Stanley Tucci is an undeniably charming storyteller. His new culinary journal What I Ate in One Year (Fig Tree, rsp: £20) spills over with tales of impressive breakfasts, disappointing lunches with celebrity friends, and dinners that may or may not have included His Royal Highness.
The book gives the reader a chance to reacquaint themselves with a celeb who feels like an old foodie friend. But at times, it feels like that same friend has been sitting on your sofa talking about his love of marinara sauce for the past seven hours.
Tucci’s debut memoir, Taste, gave him a reputation as a passionate narrator who did not shy from sharing both high and low points of his life – grief, the Italian diaspora, finding love late in life, battling cancer – through his relationship with food. His latest effort – despite featuring an abundance of steaks – lacks the beef to make it a truly great food memoir.
It’s slightly repetitive, and Tucci can be frustratingly reserved.

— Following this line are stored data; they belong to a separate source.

(* Let $q$ be a prime power and $n\ge 1$ an integer. For every integer $k$ with $1\le k< n(q-1)$ we have $\dim(C_{n,k}^q)<\dim(C_{n,k+1}^q)$.
   Context: For a prime power $q$ and integers $n\ge 1$, $k\ge 0$, the projective Reed-Muller code $C_{n,k}^q\subseteq \mathbb{F}_q^N$, $N=\frac{q^{n+1}-1}{q-1}$, is defined as follows. For each point of $\mathbb{P}^n(\mathbb{F}_q)$ choose the affine representative $(p_0,\dots,p_n)\in\mathbb{F}_q^{n+1}\setminus\{0\}$ whose left-most nonzero coordinate equals $1$, and fix an ordering $P_1',\dots,P_N'$ of these representatives. Then $C_{n,k}^q=\{(F(P_1'),\dots,F(P_N')) : F\in \mathbb{F}_q[x_0,\dots,x_n]_k\}$, where $\mathbb{F}_q[x_0,\dots,x_n]_k$ is the space of homogeneous polynomials of degree $k$ together with $0$ (so $C_{n,0}^q$ is spanned by the all-ones vector $\mathbf{1}$). *)

theory Defs
  imports Complex_Main "HOL-Library.Function_Algebras"
begin

text \<open>Points of P^n(F_q): affine representatives (p_0,...,p_n) in F_q^(n+1), encoded as
  functions nat => 'a vanishing outside {0..n}, whose left-most nonzero coordinate is 1.\<close>
definition proj_points :: "nat \<Rightarrow> (nat \<Rightarrow> 'a::field) set" where
  "proj_points n = {p. (\<forall>i>n. p i = 0) \<and> (\<exists>j\<le>n. p j = 1 \<and> (\<forall>i<j. p i = 0))}"

definition monomials_deg :: "nat \<Rightarrow> nat \<Rightarrow> (nat \<Rightarrow> nat) set" where
  "monomials_deg n k = {e. (\<forall>i>n. e i = 0) \<and> (\<Sum>i\<le>n. e i) = k}"

definition hom_poly_eval :: "nat \<Rightarrow> nat \<Rightarrow> ((nat \<Rightarrow> nat) \<Rightarrow> 'a::field) \<Rightarrow> (nat \<Rightarrow> 'a) \<Rightarrow> 'a" where
  "hom_poly_eval n k c p = (\<Sum>e\<in>monomials_deg n k. c e * (\<Prod>i\<le>n. p i ^ e i))"

text \<open>Projective Reed-Muller code C_{n,k}^q, q = CARD('a): the set of evaluation vectors,
  indexed by the points of P^n (zero outside the index set).\<close>
definition proj_RM_code :: "nat \<Rightarrow> nat \<Rightarrow> ((nat \<Rightarrow> 'a::{finite,field}) \<Rightarrow> 'a) set" where
  "proj_RM_code n k =
     {(\<lambda>p. if p \<in> proj_points n then hom_poly_eval n k c p else 0) | c. True}"

definition code_dim :: "((nat \<Rightarrow> 'a::{finite,field}) \<Rightarrow> 'a) set \<Rightarrow> nat" where
  "code_dim C = vector_space.dim (\<lambda>(a::'a) v. (\<lambda>x. a * v x)) C"

end

theory Submission
  imports Defs "HOL-Computational_Algebra.Polynomial" "HOL-Library.Cardinality"
begin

Recalling an Italian dinner with Colin Firth and Tom Ford at the River Café, Tucci teases: “What we talked about is none of your business.”
Nevertheless, he remains a generous host. There is a chair for the reader at the table as he eats stuffed artichokes in Rome, calf’s liver at St John in Smithfield, and slurps bowl after tasty bowl of homemade tagliatelle.
Taste was always going to be a tough act for Tucci to follow. By comparison, this book feels like an entertaining amuse-bouche, but it lacks the depth of a filling main course.